Meadows Institute leads integrated behavioral health care discussion at APA’s annual convention
The Institute’s Vice President of Health System Integration Andrew Carlo, MD moderated a discussion on the application and sustainability of pediatric integrated care models such as the Collaborative Care Model Aug. 5 at the American Psychological Association’s annual convention in Washington, D.C.
Sponsored by the Mental Health Technology Transfer Center Network, the panel featured Carlo and three psychologists from around the country discussing the promise of evidence-based, integrated care models for behavioral health to help combat the nation’s worsening youth mental health crisis.
Carlo set the stage with some sobering statistics: 15 million children and adolescents in the United States have a diagnosable behavioral health condition, and yet many of those youth receive no services at all.
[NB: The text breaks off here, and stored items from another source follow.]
(* Let $n\ge2$ and suppose $G_{\text{hon}}$ is connected. For every integer $j\ge3$ and every real $\iota>1$, $$\mathbb P\big(\bar\tau_{\text{spr}}>\iota\, j\log(j)/\Upsilon\big)\le\mathbb P(\underline\tau_{\text{spr}}>j)+27\,n\,j^{1-\iota}.$$
   Context: $G=([n+m],E)$ undirected, honest agents $[n]$; for $i\in[n]$, $N_{\text{hon}}(i)$ its honest neighbors, $d_{\text{hon}}(i)=|N_{\text{hon}}(i)|$, $d(i)$ its total degree; $G_{\text{hon}}$ is the subgraph induced on $[n]$; $\Upsilon=\min_{i\in[n]}d_{\text{hon}}(i)/d(i)$; $i^\star\in[n]$ is fixed. Noisy rumor process: for each $i\in[n]$, $\{\bar Y_j^{(i)}\}_{j\ge1}$ i.i.d. Bernoulli$(\Upsilon)$ and $\{\bar H_j^{(i)}\}_{j\ge1}$ i.i.d. uniform on $N_{\text{hon}}(i)$, all independent; $\bar{\mathcal I}_0=\{i^\star\}$, $\bar{\mathcal I}_j=\bar{\mathcal I}_{j-1}\cup\{i\in[n]\setminus\bar{\mathcal I}_{j-1}:\bar Y_j^{(i)}=1,\bar H_j^{(i)}\in\bar{\mathcal I}_{j-1}\}$; $\bar\tau_{\text{spr}}=\inf\{j\in\mathbb N:\bar{\mathcal I}_j=[n]\}$. Noiseless process: $\{\underline H_j^{(i)}\}$ i.i.d. uniform on $N_{\text{hon}}(i)$; $\underline{\mathcal I}_0=\{i^\star\}$, $\underline{\mathcal I}_j=\underline{\mathcal I}_{j-1}\cup\{i\notin\underline{\mathcal I}_{j-1}:\underline H_j^{(i)}\in\underline{\mathcal I}_{j-1}\}$; $\underline\tau_{\text{spr}}=\inf\{j:\underline{\mathcal I}_j=[n]\}$. (The inequality concerns the marginal distributions of $\bar\tau_{\text{spr}}$ and $\underline\tau_{\text{spr}}$.) *)

theory Defs
  imports "HOL-Probability.Probability"
begin

(* Vertices of G are {1..n+m}; honest agents are [n] = {1..n}.
   The undirected graph is a symmetric irreflexive edge relation E. *)

definition Nhon :: "(nat \<times> nat) set \<Rightarrow> nat \<Rightarrow> nat \<Rightarrow> nat set" where
  "Nhon E n i = {k \<in> {1..n}. (i, k) \<in> E}"

definition deg :: "(nat \<times> nat) set \<Rightarrow> nat \<Rightarrow> nat \<Rightarrow> nat \<Rightarrow> nat" where
  "deg E n m i = card {k \<in> {1..n+m}. (i, k) \<in> E}"

definition Upsilon :: "(nat \<times> nat) set \<Rightarrow> nat \<Rightarrow> nat \<Rightarrow> real" where
  "Upsilon E n m = Min ((\<lambda>i. real (card (Nhon E n i)) / real (deg E n m i)) ` {1..n})"

definition simple_graph :: "(nat \<times> nat) set \<Rightarrow> nat \<Rightarrow> bool" where
  "simple_graph E N \<longleftrightarrow> E \<subseteq> {1..N} \<times> {1..N} \<and> sym E \<and> (\<forall>x. (x, x) \<notin> E)"

definition hon_connected :: "(nat \<times> nat) set \<Rightarrow> nat \<Rightarrow> bool" where
  "hon_connected E n \<longleftrightarrow>
     (\<forall>a\<in>{1..n}. \<forall>b\<in>{1..n}. (a, b) \<in> (E \<inter> ({1..n} \<times> {1..n}))\<^sup>*)"

fun noisy_inf :: "nat \<Rightarrow> nat \<Rightarrow> (nat \<Rightarrow> nat \<Rightarrow> bool) \<Rightarrow> (nat \<Rightarrow> nat \<Rightarrow> nat) \<Rightarrow> nat \<Rightarrow> nat set" where
  "noisy_inf n istar Y H 0 = {istar}"
| "noisy_inf n istar Y H (Suc j) =
     noisy_inf n istar Y H j \<union>
     {i \<in> {1..n} - noisy_inf n istar Y H j. Y (Suc j) i \<and> H (Suc j) i \<in> noisy_inf n istar Y H j}"

fun noiseless_inf :: "nat \<Rightarrow> nat \<Rightarrow> (nat \<Rightarrow> nat \<Rightarrow> nat) \<Rightarrow> nat \<Rightarrow> nat set" where
  "noiseless_inf n istar H 0 = {istar}"
| "noiseless_inf n istar H (Suc j) =
     noiseless_inf n istar H j \<union>
     {i \<in> {1..n} - noiseless_inf n istar H j. H (Suc j) i \<in> noiseless_inf n istar H j}"

definition spread_time :: "nat \<Rightarrow> (nat \<Rightarrow> nat set) \<Rightarrow> enat" where
  "spread_time n I = (if \<exists>j. I j = {1..n} then enat (LEAST j. I j = {1..n}) else \<infinity>)"

end

theory Submission
  imports Defs
begin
Their untreated behavioral health conditions “lead to greater social, occupational and economic consequences over time.”
The ability to see a behavioral health specialist in the primary care setting, such as a pediatrician’s office, reduces stigma and the demand on specialty behavioral health services while decreasing the number of kids seeking care outside of their “medical home,” said Cody A. Hostutler, a pediatric primary care psychologist at Nationwide Children’s Hospital in Columbus, Ohio. Collaborative care, he said, is an “efficient way to get the kids we are serving care and get it quickly.”
In Chicago, Collaborative Care is helping youth with anxiety, depression and ADHD see “significant improvement,” said Ann & Robert H. Lurie Children’s Hospital child and adolescent psychologist John Parkhurst.
But Collaborative Care still needs champions so that more primary care physicians, including pediatricians, will incorporate it into their practices, the panel agreed. Said Parkhurst: “As much as we want to show ‘never adopters’ data on successful patient outcomes, people like a story, an example. That’s what funders gravitate toward, and pediatricians would as well. We don’t do enough of that.”